Collected data —
»»
lemma recursive_compose1: "recursive 1 (\<lambda>ys. f (ys ! 0)) \<Longrightarrow> recursive n A
    \<Longrightarrow> recursive n (\<lambda>xs. f (A xs))"
  by (drule recursive_comp1[of _ n A]) simp_all
lemma recursive_compose2: "recursive 2 (\<lambda>ys. f (ys ! 0) (ys ! 1)) \<Longrightarrow> recursive n A
    \<Longrightarrow> recursive n B \<Longrightarrow> recursive n (\<lambda>xs. f (A xs) (B xs))"
  by (drule recursive_comp2[of _ n A B]) simp_all
lemma recursive_compose3: "recursive 3 (\<lambda>ys. f (ys ! 0) (ys ! 1) (ys ! 2))
    \<Longrightarrow> recursive n A \<Longrightarrow> recursive n B \<Longrightarrow> recursive n C
    \<Longrightarrow> recursive n (\<lambda>xs. f (A xs) (B xs) (C xs))"
  by (drule recursive_comp3[of _ n A B C]) simp_all

lemma recursive_comp4: "recursive 4 g \<Longrightarrow> recursive n F \<Longrightarrow> recursive n G
    \<Longrightarrow> recursive n K \<Longrightarrow> recursive n L
    \<Longrightarrow> recursive n (\<lambda>xs. g [F xs, G xs, K xs, L xs])"
  using recursive_comp[of 4 g "[F, G, K, L]" n] by (simp add: less_Suc_eq numeral_eq_Suc)
lemma recursive_comp5: "recursive 5 g \<Longrightarrow> recursive n F \<Longrightarrow> recursive n G
    \<Longrightarrow> recursive n K \<Longrightarrow> recursive n L \<Longrightarrow> recursive n M
    \<Longrightarrow> recursive n (\<lambda>xs. g [F xs, G xs, K xs, L xs, M xs])"
  using recursive_comp[of 5 g "[F, G, K, L, M]" n] by (simp add: less_Suc_eq numeral_eq_Suc)
(* Let $\Pi$ be a random permutation with values in $S_n$. Then $\Pi$ is $L$-decomposable if and only if, for every consecutive partition $\underline{\kappa}=(\underline{\kappa}_1,\ldots,\underline{\kappa}_{j+1})$ of $\{1,\ldots,n\}$, the ordered marginals $\Pi_{\underline{\kappa}_1},\ldots,\Pi_{\underline{\kappa}_{j+1}}$ are conditionally independent given the vector of unordered marginals $\{\Pi_{\underline{\kappa}}\}$; that is, for every $\pi\in S_n$ with $P(\{\Pi_{\underline{\kappa}}\}=\{\pi_{\underline{\kappa}}\})>0$, \[ P(\Pi=\pi \mid \{\Pi_{\underline{\kappa}}\}=\{\pi_{\underline{\kappa}}\})=\prod_{i=1}^{j+1} P(\Pi_{\underline{\kappa}_i}=\pi_{\underline{\kappa}_i}\mid \{\Pi_{\underline{\kappa}}\}=\{\pi_{\underline{\kappa}}\}). \]
   Context: $S_n$ is the group of permutations of $\{1,\ldots,n\}$; $\Pi$ is a random element of $S_n$ with distribution $p(\pi)=P(\Pi=\pi)$. For a vector $v$ and $i\le j$, write $v\{i:j\}=\{v(i),\ldots,v(j)\}$ (unordered set; empty if $j<i$) and $v(i:j)=(v(i),\ldots,v(j))$ (ordered tuple). $\Pi$ (or $p$) is called $L$-decomposable if for every $2\le k\le n-2$ and every $\pi\in S_n$, $P(\Pi(k+1)=\pi(k+1)\mid \Pi(1:k)=\pi(1:k)) = P(\Pi(k+1)=\pi(k+1)\mid \Pi\{1:k\}=\pi\{1:k\})$ whenever the left-hand side is defined (equivalently, the random sets $\Pi\{1:k\}$, $k=1,\dots,n$, form a Markov chain). A consecutive partition is determined by sections $0=\kappa_0<\kappa_1<\cdots<\kappa_j<\kappa_{j+1}=n$ via $\underline{\kappa}_i=\{\kappa_{i-1}+1,\ldots,\kappa_i\}$. For $\pi\in S_n$, the ordered marginal is $\pi_{\underline{\kappa}_i}=\pi(\kappa_{i-1}+1:\kappa_i)$, the unordered marginal is $\{\pi_{\underline{\kappa}_i}\}=\pi\{\kappa_{i-1}+1:\kappa_i\}$, and $\{\pi_{\underline{\kappa}}\}=(\{\pi_{\underline{\kappa}_1}\},\ldots,\{\pi_{\underline{\kappa}_{j+1}}\})$. *)

theory Defs
  imports "HOL-Probability.Probability" "HOL-Combinatorics.Permutations"
begin

(* A random permutation of {1..n} is a pmf M on functions nat => nat with
   set_pmf M contained in {pi. pi permutes {1..n}}. *)

definition cond_prob :: "'a pmf \<Rightarrow> 'a set \<Rightarrow> 'a set \<Rightarrow> real" where
  "cond_prob M A B = measure_pmf.prob M (A \<inter> B) / measure_pmf.prob M B"

definition ord_event :: "(nat \<Rightarrow> nat) \<Rightarrow> nat \<Rightarrow> nat \<Rightarrow> (nat \<Rightarrow> nat) set" where
  "ord_event \<pi> a b = {\<sigma>. \<forall>m\<in>{a..b}. \<sigma> m = \<pi> m}"

definition set_event :: "(nat \<Rightarrow> nat) \<Rightarrow> nat \<Rightarrow> nat \<Rightarrow> (nat \<Rightarrow> nat) set" where
  "set_event \<pi> a b = {\<sigma>. \<sigma> ` {a..b} = \<pi> ` {a..b}}"

definition L_decomposable :: "nat \<Rightarrow> (nat \<Rightarrow> nat) pmf \<Rightarrow> bool" where
  "L_decomposable n M \<longleftrightarrow>
     (\<forall>k \<pi>. 2 \<le> k \<and> k \<le> n - 2 \<and> \<pi> permutes {1..n}
        \<and> measure_pmf.prob M (ord_event \<pi> 1 k) > 0 \<longrightarrow>
        cond_prob M {\<sigma>. \<sigma> (k+1) = \<pi> (k+1)} (ord_event \<pi> 1 k)
        = cond_prob M {\<sigma>. \<sigma> (k+1) = \<pi> (k+1)} (set_event \<pi> 1 k))"

definition consec_sections :: "nat \<Rightarrow> nat \<Rightarrow> (nat \<Rightarrow> nat) \<Rightarrow> bool" where
  "consec_sections n j \<kappa> \<longleftrightarrow>
     \<kappa> 0 = 0 \<and> \<kappa> (Suc j) = n \<and> (\<forall>i\<le>j. \<kappa> i < \<kappa> (Suc i))"

definition unord_marg_event :: "nat \<Rightarrow> (nat \<Rightarrow> nat) \<Rightarrow> (nat \<Rightarrow> nat) \<Rightarrow> (nat \<Rightarrow> nat) set" where
  "unord_marg_event j \<kappa> \<pi> =
     (\<Inter>i\<in>{1..Suc j}. set_event \<pi> (\<kappa> (i - 1) + 1) (\<kappa> i))"

end

theory Submission
  imports Defs
begin

(* Both directions rest on one exchange principle (splice_sum, prob_splice_independent): if a
   finite set R of functions is closed under splicing in the values on a set B, and the weight p
   satisfies p s * p t = p s' * p t' for all s, t in R and the spliced pair s', t', then under p
   restricted to R every event determined by the values off B is independent of every event
   determined by the values on B.

   Forward direction: by the chain rule an L-decomposable pmf is a product of factors depending
   only on the unordered prefix {1..m} and the next value (pmf_chain_rule); such a product obeys
   the exchange identity for a block shared by two permutations with the same unordered marginals
   (pmf_splice_swap).  The exchange principle then separates the blocks one at a time
   (prefix_block_independent, prefix_mass_factorization).
   Backward direction: the factorization for the two blocks {1..k}, {k+1..n} writes the pmf as a
   product of a first-block and a second-block factor, which yields the exchange identity for
   {k+1..n} (product_form_swap, two_blocks_exchange); the exchange principle then makes Pi(1:k)
   and Pi(k+1) independent given Pi{1:k}, which is L-decomposability at k. *)

definition perms :: "nat \<Rightarrow> (nat \<Rightarrow> nat) set" where
  "perms n = {\<sigma>. \<sigma> permutes {1..n}}"

definition agree :: "'a set \<Rightarrow> ('a \<Rightarrow> 'b) \<Rightarrow> ('a \<Rightarrow> 'b) set" where
  "agree I \<sigma> = {\<tau>. \<forall>x\<in>I. \<tau> x = \<sigma> x}"

definition splice :: "'a set \<Rightarrow> ('a \<Rightarrow> 'b) \<Rightarrow> ('a \<Rightarrow> 'b) \<Rightarrow> 'a \<Rightarrow> 'b" where
  "splice B \<sigma> \<tau> = (\<lambda>x. if x \<in> B then \<tau> x else \<sigma> x)"

lemma ord_event_agree: "ord_event \<sigma> a b = agree {a..b} \<sigma>"
  unfolding ord_event_def agree_def by auto

lemma agree_Un: "agree (I \<union> J) \<sigma> = agree I \<sigma> \<inter> agree J \<sigma>"
  unfolding agree_def by auto

lemma splice_apply: "splice B \<sigma> \<tau> x = (if x \<in> B then \<tau> x else \<sigma> x)"
  by (simp add: splice_def)

lemma agree_splice_outside: "I \<inter> B = {} \<Longrightarrow> agree I (splice B \<sigma> \<tau>) = agree I \<sigma>"
  by (auto simp: agree_def splice_apply)

lemma agree_splice_inside: "agree B (splice B \<sigma> \<tau>) = agree B \<tau>"
  by (auto simp: agree_def splice_apply)

lemma splice_splice: "splice B (splice B \<sigma> \<tau>) (splice B \<tau> \<sigma>) = \<sigma>"
  by (auto simp: splice_def)

(* The exchange principle: the splicing involution on pairs maps (R \<inter> E \<inter> F) \<times> R onto
   (R \<inter> E) \<times> (R \<inter> F) and preserves the product weight, so under p the events E (determined
   off B) and F (determined on B) are independent within R. *)
lemma splice_sum:
  fixes p :: "('a \<Rightarrow> 'b) \<Rightarrow> real"
  assumes "finite R"
    and closed: "\<And>\<sigma> \<tau>. \<sigma> \<in> R \<Longrightarrow> \<tau> \<in> R \<Longrightarrow> splice B \<sigma> \<tau> \<in> R"
    and swap: "\<And>\<sigma> \<tau>. \<sigma> \<in> R \<Longrightarrow> \<tau> \<in> R \<Longrightarrow>
                  p \<sigma> * p \<tau> = p (splice B \<sigma> \<tau>) * p (splice B \<tau> \<sigma>)"
    and E: "\<And>\<sigma> \<tau>. \<sigma> \<in> E \<Longrightarrow> (\<forall>x. x \<notin> B \<longrightarrow> \<tau> x = \<sigma> x) \<Longrightarrow> \<tau> \<in> E"
    and F: "\<And>\<sigma> \<tau>. \<sigma> \<in> F \<Longrightarrow> (\<forall>x\<in>B. \<tau> x = \<sigma> x) \<Longrightarrow> \<tau> \<in> F"
  shows "(\<Sum>\<tau>\<in>R \<inter> E \<inter> F. p \<tau>) * (\<Sum>\<tau>\<in>R. p \<tau>)
       = (\<Sum>\<tau>\<in>R \<inter> E. p \<tau>) * (\<Sum>\<tau>\<in>R \<inter> F. p \<tau>)"
proof -
  define f :: "(('a \<Rightarrow> 'b) \<times> ('a \<Rightarrow> 'b)) \<Rightarrow> _"
    where "f = (\<lambda>(\<sigma>, \<tau>). (splice B \<sigma> \<tau>, splice B \<tau> \<sigma>))"
  have involution: "f (f x) = x" for x
    unfolding f_def by (cases x) (simp add: splice_splice)
  have in_E: "splice B \<sigma> \<tau> \<in> E" if "\<sigma> \<in> E" for \<sigma> \<tau>
    using E[OF that] by (simp add: splice_def)
  have in_F: "splice B \<sigma> \<tau> \<in> F" if "\<tau> \<in> F" for \<sigma> \<tau>
    using F[OF that] by (simp add: splice_def)
  have bij: "bij_betw f ((R \<inter> E \<inter> F) \<times> R) ((R \<inter> E) \<times> (R \<inter> F))"
  proof (rule bij_betw_byWitness[where f' = f])
    show "f ` ((R \<inter> E \<inter> F) \<times> R) \<subseteq> (R \<inter> E) \<times> (R \<inter> F)"
      using closed in_E in_F unfolding f_def by auto
    show "f ` ((R \<inter> E) \<times> (R \<inter> F)) \<subseteq> (R \<inter> E \<inter> F) \<times> R"
      using closed in_E in_F unfolding f_def by auto
  qed (use involution in auto)
  let ?q = "\<lambda>(\<sigma>, \<tau>). p \<sigma> * p \<tau>"
  have "(\<Sum>\<tau>\<in>R \<inter> E \<inter> F. p \<tau>) * (\<Sum>\<tau>\<in>R. p \<tau>) = (\<Sum>x\<in>(R \<inter> E \<inter> F) \<times> R. ?q x)"
    by (simp add: sum_product sum.cartesian_product)
  also have "\<dots> = (\<Sum>x\<in>(R \<inter> E \<inter> F) \<times> R. ?q (f x))"
    by (rule sum.cong) (auto simp: f_def swap)
  also have "\<dots> = (\<Sum>x\<in>(R \<inter> E) \<times> (R \<inter> F). ?q x)"
    using sum.reindex_bij_betw[OF bij, of ?q] by simp
  also have "\<dots> = (\<Sum>\<tau>\<in>R \<inter> E. p \<tau>) * (\<Sum>\<tau>\<in>R \<inter> F. p \<tau>)"
    by (simp add: sum_product sum.cartesian_product)
  finally show ?thesis .
qed

lemma product_form_swap:
  fixes p f g :: "('a \<Rightarrow> 'b) \<Rightarrow> real"
  assumes "Z \<noteq> 0"
    and closed: "\<And>\<sigma> \<tau>. \<sigma> \<in> R \<Longrightarrow> \<tau> \<in> R \<Longrightarrow> splice B \<sigma> \<tau> \<in> R"
    and product: "\<And>\<rho>. \<rho> \<in> R \<Longrightarrow> p \<rho> * Z = f \<rho> * g \<rho>"
    and f: "\<And>\<rho> \<rho>'. f (splice B \<rho> \<rho>') = f \<rho>" and g: "\<And>\<rho> \<rho>'. g (splice B \<rho> \<rho>') = g \<rho>'"
    and "\<sigma> \<in> R" "\<tau> \<in> R"
  shows "p \<sigma> * p \<tau> = p (splice B \<sigma> \<tau>) * p (splice B \<tau> \<sigma>)"
proof -
  let ?\<sigma>' = "splice B \<sigma> \<tau>" and ?\<tau>' = "splice B \<tau> \<sigma>"
  have "(p \<sigma> * p \<tau>) * Z\<^sup>2 = (p \<sigma> * Z) * (p \<tau> * Z)"
    by (simp add: power2_eq_square ac_simps)
  also have "\<dots> = (f \<sigma> * g \<sigma>) * (f \<tau> * g \<tau>)"
    using product assms(6,7) by simp
  also have "\<dots> = (f ?\<sigma>' * g ?\<sigma>') * (f ?\<tau>' * g ?\<tau>')"
    by (simp add: f g ac_simps)
  also have "\<dots> = (p ?\<sigma>' * Z) * (p ?\<tau>' * Z)"
    using product closed assms(6,7) by simp
  also have "\<dots> = (p ?\<sigma>' * p ?\<tau>') * Z\<^sup>2"
    by (simp add: power2_eq_square ac_simps)
  finally show ?thesis
    using \<open>Z \<noteq> 0\<close> by simp
qed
««
What needs to be done — Please retype, with no changes, the lines that run from the first line of the entries to the line with "(* Let $\Pi$", both ends included.

Exercise response —
lemma recursive_compose1: "recursive 1 (\<lambda>ys. f (ys ! 0)) \<Longrightarrow> recursive n A
    \<Longrightarrow> recursive n (\<lambda>xs. f (A xs))"
  by (drule recursive_comp1[of _ n A]) simp_all
lemma recursive_compose2: "recursive 2 (\<lambda>ys. f (ys ! 0) (ys ! 1)) \<Longrightarrow> recursive n A
    \<Longrightarrow> recursive n B \<Longrightarrow> recursive n (\<lambda>xs. f (A xs) (B xs))"
  by (drule recursive_comp2[of _ n A B]) simp_all
lemma recursive_compose3: "recursive 3 (\<lambda>ys. f (ys ! 0) (ys ! 1) (ys ! 2))
    \<Longrightarrow> recursive n A \<Longrightarrow> recursive n B \<Longrightarrow> recursive n C
    \<Longrightarrow> recursive n (\<lambda>xs. f (A xs) (B xs) (C xs))"
  by (drule recursive_comp3[of _ n A B C]) simp_all

lemma recursive_comp4: "recursive 4 g \<Longrightarrow> recursive n F \<Longrightarrow> recursive n G
    \<Longrightarrow> recursive n K \<Longrightarrow> recursive n L
    \<Longrightarrow> recursive n (\<lambda>xs. g [F xs, G xs, K xs, L xs])"
  using recursive_comp[of 4 g "[F, G, K, L]" n] by (simp add: less_Suc_eq numeral_eq_Suc)
lemma recursive_comp5: "recursive 5 g \<Longrightarrow> recursive n F \<Longrightarrow> recursive n G
    \<Longrightarrow> recursive n K \<Longrightarrow> recursive n L \<Longrightarrow> recursive n M
    \<Longrightarrow> recursive n (\<lambda>xs. g [F xs, G xs, K xs, L xs, M xs])"
  using recursive_comp[of 5 g "[F, G, K, L, M]" n] by (simp add: less_Suc_eq numeral_eq_Suc)
(* Let $\Pi$ be a random permutation with values in $S_n$. Then $\Pi$ is $L$-decomposable if and only if, for every consecutive partition $\underline{\kappa}=(\underline{\kappa}_1,\ldots,\underline{\kappa}_{j+1})$ of $\{1,\ldots,n\}$, the ordered marginals $\Pi_{\underline{\kappa}_1},\ldots,\Pi_{\underline{\kappa}_{j+1}}$ are conditionally independent given the vector of unordered marginals $\{\Pi_{\underline{\kappa}}\}$; that is, for every $\pi\in S_n$ with $P(\{\Pi_{\underline{\kappa}}\}=\{\pi_{\underline{\kappa}}\})>0$, \[ P(\Pi=\pi \mid \{\Pi_{\underline{\kappa}}\}=\{\pi_{\underline{\kappa}}\})=\prod_{i=1}^{j+1} P(\Pi_{\underline{\kappa}_i}=\pi_{\underline{\kappa}_i}\mid \{\Pi_{\underline{\kappa}}\}=\{\pi_{\underline{\kappa}}\}). \]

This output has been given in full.